Ho, wisely estimating that the Japanese were finished, prepared to greet the Allies in the hope that they would recognize him. He hastened to stiffen the Vietminh’s authority for that prospect—and, fortui¬tously, he was helped by a ghastly famine for which the Japanese were almost entirely responsible.
Earlier in the year, as the Allies cut off their sources of raw materials in Southeast Asia, the Japanese had compelled Vietnamese peasants to plant industrial crops like peanuts and jute instead of rice. They also requisitioned rice, storing it for their troops in case of Allied landings. By the summer of 1945, floods aggravated the already serious food shortage as the Red River dikes, neglected by local officials, burst in several spots. In northern Vietnam, poor in the best of circumstances, two million people out of a population of ten million starved to death. Not far from Hanoi, a leathery old peasant by the name of Duong Van Khang recalled to me years afterward that so many of his fellow villagers died that “we didn’t have enough wood for coffins and buried them in bamboo mats.” Conditions were no better in the cities. Dr. Tran Duy Hung, mayor of Hanoi at the time, recollected the scene in an interview decades later:
Peasants came in from the nearby provinces on foot, leaning on each other, carrying their children in baskets. They dug in garbage piles, looking for anything at all, banana skins, orange peels, dis-carded greens. They even ate rats. But they couldn’t get enough to keep alive. They tried to beg, but everyone else was hungry, and they would drop dead in the streets. Every morning, when I opened my door, I found five or six corpses on the step. We organized teams of youths to load the bodies on oxcarts and take them to mass graves outside the city. It was terrifying—and yet it helped our cause because we were able to rally the nation.
Starving peasants in several places attacked French posts and stormed Japanese granaries. With the news of Japan’s surrender in August, the uprisings spread. Vietminh agents moved quickly to take advantage of the turmoil. A villager recounted the events of that period in a district of Thai Binh province, in the Red River delta:
The village marketplace was jammed. A man in brown pants and a cloth shirt climbed onto a chair, and guards armed with machetes, spears and sticks surrounded him. He delivered a speech, saying that the Japanese had capitulated to the Allies, and that the time had come for the Vietminh to seize power. I was just a teenager in ragged clothes, and I asked a schoolmate, “Now that we’ve seized power, who will be the mandarin?” He replied, “Get this. The mandarin is just a peasant—really ordinary.”

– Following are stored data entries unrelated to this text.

lemma iter_union_rank_stable_minimizer:
  assumes r: "rank_function N r" and h: "0 < h" and Q: "Q \<subseteq> N" and e: "e \<in> N - Q"
    and stable: "iter_union_rank r h (insert e Q) = iter_union_rank r h Q"
  shows "\<exists>Z\<subseteq>Q. iter_union_rank r h Q = card (Q - Z) + h * r Z \<and> r (insert e Z) = r Z"
proof -
  have fin: "finite Q"
    using rank_function_finite_subset[OF r Q] .
  have "insert e Q \<subseteq> N"
    using Q e by auto
  then obtain Y where Y: "Y \<subseteq> insert e Q" "iter_union_rank r h (insert e Q) = card (insert e Q - Y) + h * r Y"
    using iter_union_rank_attained[OF r, of "insert e Q" h] by blast
  have "e \<in> Y"
  proof (rule ccontr)
    assume "e \<notin> Y"
    then have "Y \<subseteq> Q" "insert e Q - Y = insert e (Q - Y)"
      using Y(1) by auto
    moreover have "card (insert e (Q - Y)) = Suc (card (Q - Y))"
      using e fin by simp
    ultimately show False
      using Y(2) stable iter_union_rank_le[OF r Q, of Y h] by simp
  qed
  define Z where "Z = Y - {e}"
  have Z: "Z \<subseteq> Q" "Y = insert e Z" "insert e Q - Y = Q - Z"
    using Y(1) e \<open>e \<in> Y\<close> unfolding Z_def by auto
  have eq: "iter_union_rank r h Q = card (Q - Z) + h * r Y"
    using Y(2) stable Z(3) by simp
  have "r Z \<le> r Y"
    using Z(2) Y(1) Q e rank_function_mono[OF r, of Z Y] by auto
  moreover have "h * r Y \<le> h * r Z"
    using eq iter_union_rank_le[OF r Q Z(1), of h] by linarith
  then have "r Y \<le> r Z"
    using h by simp
  ultimately have "r Y = r Z"
    by simp
  then show ?thesis
    using eq Z(1,2) by auto
qed

theorem lemmaA1:
  fixes N :: "'a set" and Ind :: "'a set set" and h :: nat and Q :: "'a set" and e :: 'a
  assumes "matroid N Ind"
    and "h \<ge> 1"
    and "Q \<subseteq> N"
    and "e \<in> N - Q"
    and "mrank (union_indep Ind h) (Q \<union> {e}) = mrank (union_indep Ind h) Q"
  shows "e \<in> mspan N Ind (Dset Ind Q (real h))"
proof -
  have r: "rank_function N (mrank Ind)"
    using rank_function_mrank[OF assms(1)] .
  have "iter_union_rank (mrank Ind) h (insert e Q) = iter_union_rank (mrank Ind) h Q"
    using assms(5) mrank_union_indep[OF assms(1)] assms(3,4) by simp
  moreover have "0 < h"
    using assms(2) by simp
  ultimately obtain Z where Z: "Z \<subseteq> Q" "iter_union_rank (mrank Ind) h Q = card (Q - Z) + h * mrank Ind Z"
    "mrank Ind (insert e Z) = mrank Ind Z"
    using iter_union_rank_stable_minimizer[OF r _ assms(3,4)] by blast
  have "is_Dmaximizer Ind Q (real h) Z"
  proof (rule is_Dmaximizer_of_minimizer[OF rank_function_finite_subset[OF r assms(3)] Z(1)])
    fix V assume "V \<subseteq> Q"
    then show "card (Q - Z) + h * mrank Ind Z \<le> card (Q - V) + h * mrank Ind V"
      using Z(2) iter_union_rank_le[OF r assms(3) \<open>V \<subseteq> Q\<close>, of h] by simp
  qed
  then have "Z \<subseteq> Dset Ind Q (real h)" "Dset Ind Q (real h) \<subseteq> Q"
    using Dset_greatest[OF r assms(3)] by auto
  then have "mrank Ind (insert e (Dset Ind Q (real h))) = mrank Ind (Dset Ind Q (real h))"
    using rank_insert_eq_mono[OF r _ _ _ Z(3)] assms(3,4) by blast
  then show ?thesis
    unfolding mspan_def using assms(4) by simp
qed
text \<open>Eliminate one index at a time, splitting off a rank-one part with a Schur complement.\<close>

lemma psd_matrix_trace_prod_nonneg:
  assumes "finite J" "psd_matrix J W" "psd_matrix J N"
  shows "0 \<le> Re (trace_prod J W N)"
  using assms
proof (induction J arbitrary: W rule: finite_induct)
  case empty
  then show ?case by (simp add: trace_prod_def)
next
  case (insert m J)
  let ?J = "insert m J"
  have fJ: "finite ?J" and mJ: "m \<in> ?J" using insert by auto
  have N: "psd_matrix J N" by (rule psd_matrix_subset[OF fJ _ insert.prems(2)]) auto
  have d: "Im (W m m) = 0" "Re (W m m) \<ge> 0" using psd_matrix_diag[OF insert.prems(1) fJ mJ] by auto
  show ?case
  proof (cases "Re (W m m) = 0")
    case True
    then have z: "W m m = 0" using d by (simp add: complex_eq_iff)
    have r: "W m i = 0" if "i \<in> ?J" for i by (rule psd_matrix_zero_diag_row[OF insert.prems(1) fJ mJ that z])
    have "W k m = 0" if "k \<in> ?J" for k
      using psd_matrix_hermitian[OF insert.prems(1) fJ that mJ] r[OF that] by simp
    then have "trace_prod ?J W N = trace_prod J W N"
      using r by (intro trace_prod_insert_zero[OF insert(1,2)]) auto
    moreover have "0 \<le> Re (trace_prod J W N)"
      by (rule insert.IH[OF psd_matrix_subset[OF fJ _ insert.prems(1)] N]) auto
    ultimately show ?thesis by simp
  next
    case False
    then have rp: "Re (W m m) > 0" using d by simp
    have wmm: "W m m = complex_of_real (Re (W m m))" using d by (simp add: complex_eq_iff)
    then have nz: "W m m \<noteq> 0" using rp by auto
    let ?W' = "Schur_complement W m"
    have W': "psd_matrix ?J ?W'" by (rule psd_matrix_Schur_complement[OF insert.prems(1) fJ mJ wmm rp])
    have "trace_prod ?J ?W' N = trace_prod J ?W' N"
      using nz by (intro trace_prod_insert_zero[OF insert(1,2)]) (auto simp: Schur_complement_def)
    moreover have "0 \<le> Re (trace_prod J ?W' N)"
      by (rule insert.IH[OF psd_matrix_subset[OF fJ _ W'] N]) auto
    moreover have "0 \<le> Re (sesq ?J N (\<lambda>j. W j m) (\<lambda>j. W j m) / W m m)"
      using insert.prems(2) rp unfolding psd_matrix_def by (subst wmm) (simp add: Re_divide_of_real)
    ultimately show ?thesis
      unfolding trace_prod_Schur_complement[OF insert.prems(1) fJ mJ nz] by simp
  qed
qed

lemma sesq_diff_matrix: "sesq J (\<lambda>i k. A i k - B i k) x y = sesq J A x y - sesq J B x y"
  unfolding sesq_def by (simp add: algebra_simps sum_subtractf)

lemma sesq_scalar_matrix:
  assumes "finite J"
  shows "sesq J (\<lambda>i k. if i = k then complex_of_real a else 0) d d = of_real (a * (\<Sum>i\<in>J. (cmod (d i))\<^sup>2))"
proof -
  have "(\<Sum>k\<in>J. cnj (d i) * (if i = k then complex_of_real a else 0) * d k) = of_real a * (cnj (d i) * d i)"
    if "i \<in> J" for i
  proof -
    have "(\<Sum>k\<in>J. cnj (d i) * (if i = k then complex_of_real a else 0) * d k)
        = (\<Sum>k\<in>J. if k = i then of_real a * (cnj (d i) * d i) else 0)"
      by (rule sum.cong) (auto simp: mult_ac)
    then show ?thesis using that assms by simp
  qed
  then have "sesq J (\<lambda>i k. if i = k then complex_of_real a else 0) d d
      = (\<Sum>i\<in>J. of_real a * (cnj (d i) * d i))"
    unfolding sesq_def by (rule sum.cong[OF refl])
  also have "\<dots> = (\<Sum>i\<in>J. of_real (a * (cmod (d i))\<^sup>2))"
    by (intro sum.cong refl) (metis complex_norm_square mult.commute of_real_mult)
  finally show ?thesis by (simp add: sum_distrib_left)
qed

lemma sesq_sum_outer_products:
  "sesq J (\<lambda>i k. \<Sum>n\<in>F. u n i * cnj (u n k)) d d = of_real (\<Sum>n\<in>F. (cmod (\<Sum>i\<in>J. cnj (d i) * u n i))\<^sup>2)"
proof -
  define s where "s n = (\<Sum>i\<in>J. cnj (d i) * u n i)" for n
  have "(\<Sum>n\<in>F. s n * cnj (s n)) = (\<Sum>n\<in>F. \<Sum>i\<in>J. \<Sum>k\<in>J. cnj (d i) * u n i * (d k * cnj (u n k)))"
    unfolding s_def by (simp add: sum_product)
  also have "\<dots> = (\<Sum>i\<in>J. \<Sum>k\<in>J. \<Sum>n\<in>F. cnj (d i) * u n i * (d k * cnj (u n k)))"
    by (subst sum.swap) (rule sum.cong[OF refl], rule sum.swap)
  also have "\<dots> = sesq J (\<lambda>i k. \<Sum>n\<in>F. u n i * cnj (u n k)) d d"
    unfolding sesq_def by (simp add: sum_distrib_left sum_distrib_right mult_ac)
  moreover have "s n * cnj (s n) = complex_of_real ((cmod (s n))\<^sup>2)" for n
    by (metis complex_norm_square)
  ultimately show ?thesis by (simp add: s_def)
qed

The Vietminh leader then marched to the district headquarters; the procession behind him swelled as nearby villagers joined in. The local chief had fled. The Vietminh leader seated himself in the district chief’s chair to dramatize his new authority. The next day, Vietminh agents put a village official on trial before five thousand people assembled on a soccer field.

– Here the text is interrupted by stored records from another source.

definition skew_symmetric :: "nat \<Rightarrow> nat \<Rightarrow> (nat \<Rightarrow> (nat \<Rightarrow> nat) \<Rightarrow> real) \<Rightarrow> bool" where
  "skew_symmetric n \<kappa> c \<longleftrightarrow>
     (\<forall>\<sigma>. \<sigma> permutes {1..n} \<longrightarrow> (\<forall>i \<in> {1..n}. \<forall>x \<in> profiles n \<kappa>.
        c i x = real_of_int (sign \<sigma>) * c (\<sigma> i) (\<lambda>j. x (Hilbert_Choice.inv \<sigma> j))))"

end

theory Submission
  imports Defs
begin

text \<open>Read coordinate r of a vector of length \<open>\<kappa> ^ n\<close> as the strategy profile formed by the
  base-\<open>\<kappa>\<close> digits of r. Then \<open>x\<^sub>1 \<otimes> \<dots> \<otimes> x\<^sub>n\<close> is the unit vector at x, so \<open>V\<^sub>G\<close> has entry
  \<open>c i x\<close> at position (i, x), while \<open>P\<^sub>\<sigma> \<otimes> T\<^sub>\<sigma>\<close> is the permutation matrix moving position
  \<open>(\<sigma> i, x \<circ> inv \<sigma>)\<close> to (i, x). So the entry of \<open>V\<^sub>G (P\<^sub>\<sigma> \<otimes> sgn \<sigma> T\<^sub>\<sigma>)\<close> at (i, x) is
  \<open>sgn \<sigma> * c (\<sigma> i) (x \<circ> inv \<sigma>)\<close>, and comparing entries is exactly the definition of
  skew-symmetry.\<close>

definition index_profile :: "nat \<Rightarrow> nat \<Rightarrow> nat \<Rightarrow> nat \<Rightarrow> nat" where
  "index_profile n \<kappa> r = (\<lambda>k\<in>{1..n}. r div \<kappa> ^ (n - k) mod \<kappa> + 1)"

lemma div_div_power_diff:
  fixes r \<kappa> :: nat
  assumes "k \<le> m"
  shows "r div \<kappa> div \<kappa> ^ (m - k) = r div \<kappa> ^ (Suc m - k)"
  using assms by (simp add: Suc_diff_le div_mult2_eq)

lemma eq_if_base_digits_eq:
  fixes r s \<kappa> :: nat
  assumes "r < \<kappa> ^ m" and "s < \<kappa> ^ m"
    and "\<And>k. k \<in> {1..m} \<Longrightarrow> r div \<kappa> ^ (m - k) mod \<kappa> = s div \<kappa> ^ (m - k) mod \<kappa>"
  shows "r = s"
  using assms
proof (induction m arbitrary: r s)
  case 0
  then show ?case by simp
next
  case (Suc m)
  have "\<kappa> > 0"
    using Suc.prems(1) by (cases "\<kappa> = 0") auto
  have "r div \<kappa> = s div \<kappa>"
  proof (rule Suc.IH)
    show "r div \<kappa> < \<kappa> ^ m" "s div \<kappa> < \<kappa> ^ m"
      using Suc.prems(1,2) \<open>\<kappa> > 0\<close> by (simp_all add: div_less_iff_less_mult mult.commute)
    show "r div \<kappa> div \<kappa> ^ (m - k) mod \<kappa> = s div \<kappa> div \<kappa> ^ (m - k) mod \<kappa>" if "k \<in> {1..m}" for k
      using Suc.prems(3)[of k] that by (simp add: div_div_power_diff)
  qed
  moreover have "r mod \<kappa> = s mod \<kappa>"
    using Suc.prems(3)[of "Suc m"] by simp
  ultimately show ?case
    by (metis div_mult_mod_eq)
qed

lemma index_profile_in_profiles: "\<kappa> \<ge> 1 \<Longrightarrow> index_profile n \<kappa> r \<in> profiles n \<kappa>"
  by (auto simp: index_profile_def profiles_def Suc_le_eq)

lemma inj_on_index_profile: "inj_on (index_profile n \<kappa>) {..<\<kappa> ^ n}"
proof (rule inj_onI)
  fix r s assume "r \<in> {..<\<kappa> ^ n}" "s \<in> {..<\<kappa> ^ n}"
    and eq: "index_profile n \<kappa> r = index_profile n \<kappa> s"
  then show "r = s"
  proof (intro eq_if_base_digits_eq[of r \<kappa> n s])
    show "r div \<kappa> ^ (n - k) mod \<kappa> = s div \<kappa> ^ (n - k) mod \<kappa>" if "k \<in> {1..n}" for k
      using fun_cong[OF eq, of k] that by (simp add: index_profile_def)
  qed simp_all
qed

lemma bij_betw_index_profile:
  assumes "\<kappa> \<ge> 1"
  shows "bij_betw (index_profile n \<kappa>) {..<\<kappa> ^ n} (profiles n \<kappa>)"
proof -
  have "finite (profiles n \<kappa>)" and "card (profiles n \<kappa>) = \<kappa> ^ n"
    by (simp_all add: profiles_def finite_PiE card_PiE)
  moreover have "index_profile n \<kappa> ` {..<\<kappa> ^ n} \<subseteq> profiles n \<kappa>"
    using index_profile_in_profiles[OF assms] by blast
  ultimately have "index_profile n \<kappa> ` {..<\<kappa> ^ n} = profiles n \<kappa>"
    using inj_on_index_profile by (metis card_image card_lessThan card_subset_eq)
  then show ?thesis
    using inj_on_index_profile by (simp add: bij_betw_def)
qed

lemma profile_eq_index_profile:
  assumes "\<kappa> \<ge> 1" and "x \<in> profiles n \<kappa>"
  obtains r where "r < \<kappa> ^ n" and "x = index_profile n \<kappa> r"
proof -
  have "x \<in> index_profile n \<kappa> ` {..<\<kappa> ^ n}"
    using bij_betw_imp_surj_on[OF bij_betw_index_profile[OF assms(1)]] assms(2) by simp
  then show ?thesis
    using that by blast
qed

lemma permute_profile_in_profiles:
  assumes "\<sigma> permutes {1..n}" and "x \<in> profiles n \<kappa>"
  shows "(\<lambda>j. x (\<sigma> j)) \<in> profiles n \<kappa>"
  using assms permutes_in_image[OF assms(1)] permutes_not_in[OF assms(1)]
  by (auto simp: profiles_def PiE_def extensional_def Pi_def)

lemma block_index_less:
  fixes N :: nat
  assumes "i \<in> {1..n}" and "r < N"
  shows "(i - 1) * N + r < n * N"
proof -
  have "(i - 1) * N + r < (i - 1) * N + N"
    using assms(2) by simp
  also have "\<dots> = i * N"
    using assms(1) by (cases i) auto
  also have "\<dots> \<le> n * N"
    using assms(1) by simp
  finally show ?thesis .
qed

lemma ball_block_index_iff:
  fixes P :: "nat \<Rightarrow> (nat \<Rightarrow> nat) \<Rightarrow> bool"
  assumes "\<kappa> \<ge> 1"
  shows "(\<forall>j < n * \<kappa> ^ n. P (j div \<kappa> ^ n + 1) (index_profile n \<kappa> (j mod \<kappa> ^ n)))
    \<longleftrightarrow> (\<forall>i\<in>{1..n}. \<forall>x\<in>profiles n \<kappa>. P i x)"
proof
  assume all_j: "\<forall>j < n * \<kappa> ^ n. P (j div \<kappa> ^ n + 1) (index_profile n \<kappa> (j mod \<kappa> ^ n))"
  show "\<forall>i\<in>{1..n}. \<forall>x\<in>profiles n \<kappa>. P i x"
  proof (intro ballI)
    fix i x assume i: "i \<in> {1..n}" and x: "x \<in> profiles n \<kappa>"
    obtain r where r: "r < \<kappa> ^ n" "x = index_profile n \<kappa> r"
      using profile_eq_index_profile[OF assms x] .
    have "P (((i - 1) * \<kappa> ^ n + r) div \<kappa> ^ n + 1) (index_profile n \<kappa> (((i - 1) * \<kappa> ^ n + r) mod \<kappa> ^ n))"
      using all_j block_index_less[OF i r(1)] by blast
    then show "P i x"
      using r i assms by simp
  qed
next
  assume "\<forall>i\<in>{1..n}. \<forall>x\<in>profiles n \<kappa>. P i x"
  moreover have "j div \<kappa> ^ n + 1 \<in> {1..n}" if "j < n * \<kappa> ^ n" for j
    using less_mult_imp_div_less[OF that] by simp
  ultimately show "\<forall>j < n * \<kappa> ^ n. P (j div \<kappa> ^ n + 1) (index_profile n \<kappa> (j mod \<kappa> ^ n))"
    using index_profile_in_profiles[OF assms] by blast
qed

lemma index_profile_eq_iff:
  assumes "y \<in> extensional {1..n}"
  shows "index_profile n \<kappa> r = y \<longleftrightarrow> (\<forall>k\<in>{1..n}. r div \<kappa> ^ (n - k) mod \<kappa> + 1 = y k)"
  using assms by (auto simp: index_profile_def extensional_def fun_eq_iff)

lemma prod_of_bool:
  "finite A \<Longrightarrow> (\<Prod>k\<in>A. of_bool (P k) :: 'a::comm_semiring_1) = of_bool (\<forall>k\<in>A. P k)"
  by (induction A rule: finite_induct) auto

lemma khatri_rao_list_upt_Suc:
  assumes "n \<ge> 1"
  shows "khatri_rao_list (map f [1..<Suc n + 1]) = khatri_rao (khatri_rao_list (map f [1..<n+1])) (f (Suc n))"
proof -
  have "map f [1..<Suc n + 1] = map f [1..<n+1] @ [f (Suc n)]"
    by simp
  moreover obtain A As where "map f [1..<n+1] = A # As"
    using assms by (cases "map f [1..<n+1]") auto
  ultimately show ?thesis
    by (simp add: khatri_rao_list_def)
qed

lemma khatri_rao_list_upt_carrier:
  assumes "n \<ge> 1" and "\<And>k. k \<in> {1..n} \<Longrightarrow> f k \<in> carrier_mat \<kappa> C"
  shows "khatri_rao_list (map f [1..<n+1]) \<in> carrier_mat (\<kappa> ^ n) C"
  using assms
proof (induction n rule: nat_induct_at_least)
  case base
  then show ?case by (simp add: khatri_rao_list_def)
next
  case (Suc n)
  have "dim_row (f (Suc n)) = \<kappa>"
    using Suc.prems[of "Suc n"] by simp
  with Suc show ?case
    unfolding khatri_rao_list_upt_Suc[OF Suc.hyps(1)]
    by (simp add: khatri_rao_def mult.commute del: upt_Suc)
qed

lemma index_khatri_rao_list_upt:
  assumes "n \<ge> 1" and "\<And>k. k \<in> {1..n} \<Longrightarrow> f k \<in> carrier_mat \<kappa> C"
    and "r < \<kappa> ^ n" and "c < C"
  shows "khatri_rao_list (map f [1..<n+1]) $$ (r, c) = (\<Prod>k\<in>{1..n}. f k $$ (r div \<kappa> ^ (n - k) mod \<kappa>, c))"
  using assms
proof (induction n arbitrary: r rule: nat_induct_at_least)
  case base
  then show ?case by (simp add: khatri_rao_list_def)
next
  case (Suc n)
  let ?A = "khatri_rao_list (map f [1..<n+1])"
  have "\<kappa> > 0"
    using Suc.prems(2) by (cases "\<kappa> = 0") auto
  have A: "?A \<in> carrier_mat (\<kappa> ^ n) C"
    using Suc.hyps Suc.prems(1) by (intro khatri_rao_list_upt_carrier) auto
  have r: "r div \<kappa> < \<kappa> ^ n"
    using Suc.prems(2) \<open>\<kappa> > 0\<close> by (simp add: div_less_iff_less_mult mult.commute)
  have "khatri_rao_list (map f [1..<Suc n + 1]) $$ (r, c) = ?A $$ (r div \<kappa>, c) * f (Suc n) $$ (r mod \<kappa>, c)"
    unfolding khatri_rao_list_upt_Suc[OF Suc.hyps(1)]
    using A Suc.prems(1)[of "Suc n"] Suc.prems(2,3) r
    by (simp add: khatri_rao_def mult.commute del: upt_Suc)
  also have "?A $$ (r div \<kappa>, c) = (\<Prod>k\<in>{1..n}. f k $$ (r div \<kappa> div \<kappa> ^ (n - k) mod \<kappa>, c))"
    using Suc.IH[OF _ r] Suc.prems by simp
  also have "\<dots> = (\<Prod>k\<in>{1..n}. f k $$ (r div \<kappa> ^ (Suc n - k) mod \<kappa>, c))"
    by (intro prod.cong) (simp_all add: div_div_power_diff)
  finally show ?case
    by (simp add: prod.cl_ivl_Suc)
qed

lemma kron_eq_khatri_rao_if_col:
  "dim_col A = 1 \<Longrightarrow> dim_col B = 1 \<Longrightarrow> kron A B = khatri_rao A B"
  by (rule eq_matI) (auto simp: kron_def khatri_rao_def)

lemma foldl_kron_eq_foldl_khatri_rao:
  "dim_col A = 1 \<Longrightarrow> (\<And>B. B \<in> set Bs \<Longrightarrow> dim_col B = 1) \<Longrightarrow> foldl kron A Bs = foldl khatri_rao A Bs"
  by (induction Bs arbitrary: A) (simp_all add: kron_eq_khatri_rao_if_col khatri_rao_def)

lemma kron_list_eq_khatri_rao_list:
  "(\<And>A. A \<in> set As \<Longrightarrow> dim_col A = 1) \<Longrightarrow> kron_list As = khatri_rao_list As"
  by (cases As) (simp_all add: kron_list_def khatri_rao_list_def foldl_kron_eq_foldl_khatri_rao)

lemma profile_vec_eq_khatri_rao_list:
  "profile_vec n \<kappa> x = khatri_rao_list (map (\<lambda>k. delta \<kappa> (x k)) [1..<n+1])"
  unfolding profile_vec_def by (rule kron_list_eq_khatri_rao_list) (auto simp: delta_def)

lemma profile_vec_carrier: "n \<ge> 1 \<Longrightarrow> profile_vec n \<kappa> x \<in> carrier_mat (\<kappa> ^ n) 1"
  unfolding profile_vec_eq_khatri_rao_list
  by (rule khatri_rao_list_upt_carrier) (simp_all add: delta_def)

lemma index_profile_vec:
  assumes "n \<ge> 1" and "r < \<kappa> ^ n" and "x \<in> profiles n \<kappa>"
  shows "profile_vec n \<kappa> x $$ (r, 0) = of_bool (index_profile n \<kappa> r = x)"
proof -
  have "0 < \<kappa> ^ n"
    using assms(2) by (rule le_less_trans[OF le0])
  then have "\<kappa> \<noteq> 0"
    using assms(1) by auto
  have "profile_vec n \<kappa> x $$ (r, 0) = (\<Prod>k\<in>{1..n}. delta \<kappa> (x k) $$ (r div \<kappa> ^ (n - k) mod \<kappa>, 0))"
    unfolding profile_vec_eq_khatri_rao_list
    using assms by (intro index_khatri_rao_list_upt[where C = 1]) (simp_all add: delta_def)
  also have "\<dots> = (\<Prod>k\<in>{1..n}. of_bool (r div \<kappa> ^ (n - k) mod \<kappa> + 1 = x k))"
    using \<open>\<kappa> \<noteq> 0\<close> by (intro prod.cong) (simp_all add: delta_def)
  also have "\<dots> = of_bool (index_profile n \<kappa> r = x)"
    using assms(3) by (simp add: prod_of_bool index_profile_eq_iff profiles_def PiE_def)
  finally show ?thesis .
qed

They read the charges. He had been an accomplice of the Japanese pirates. He had forced the peasants to pull up their rice and plant jute and peanuts, enriching himself even though the people were miserable and dying. He admitted that he had worked for the Jap¬anese but claimed that he was just carrying out orders. But they announced that his crime was very serious because he had opposed the revolution and helped the enemy. So they sentenced him to death and shot him right there. . . . This really fired up the people. They went after the henchmen of the Japanese, dragging them out of their houses, making them lower their heads and beating them. That finished their prestige, and the fervor of the masses kept rising.
On August 16, to keep pace with the momentum, Ho Chi Minh summoned sixty comrades to Tran Tao, a village in Thai Nguyen province, north of Hanoi. The time had come to grab power and greet the Allies on their arrival. Ho formed a National Liberation Com¬mittee, with himself as president, calling it “the equivalent of a pro¬visional government.” Appealing for a general insurrection, he proclaimed in classic revolutionary style, “The oppressed the world over are wresting back their independence. We should not lag behind. Forward! Forward! Under the Vietminh banner, let us valiantly march forward!”
The August Revolution, as the Communists would henceforth dub it, assumed different shapes in different places. Vietminh bands in Saigon clashed with the Cao Dai, the Hoa Hao and an aggressive Trotskyite faction bearing a French name, La Lutte, the Struggle. Vietminh agents elsewhere embraced their opponents, while others murdered rivals such as Ngo Dinh Diem’s older brother, Ngo Dinh Khoi, an influential nationalist in central Vietnam. Some Vietminh guerrillas attacked the Japanese and others made deals for their weapons.
Clad in coarse khaki uniforms or black pajamas, the first Vietminh detachments entered Hanoi on August 16, taking over public buildings as Japanese troops stood by. The emperor’s delegate, a symbol of imperial authority, resigned to a Vietminh-run committee of citizens, which promptly announced its seizure of power from a balcony of the Hanoi opera house, a model of French gingerbread architecture. A week later, racing to keep up with events, the sickly Ho Chi Minh arrived to give his declaration of independence.
Nothing had reinforced the Vietminh cause more than the mercurial Bao Dai’s decision to abdicate. For his gesture conferred the “mandate of heaven” on Ho, giving him the legitimacy that, in Vietnamese eyes, had traditionally resided in the emperor.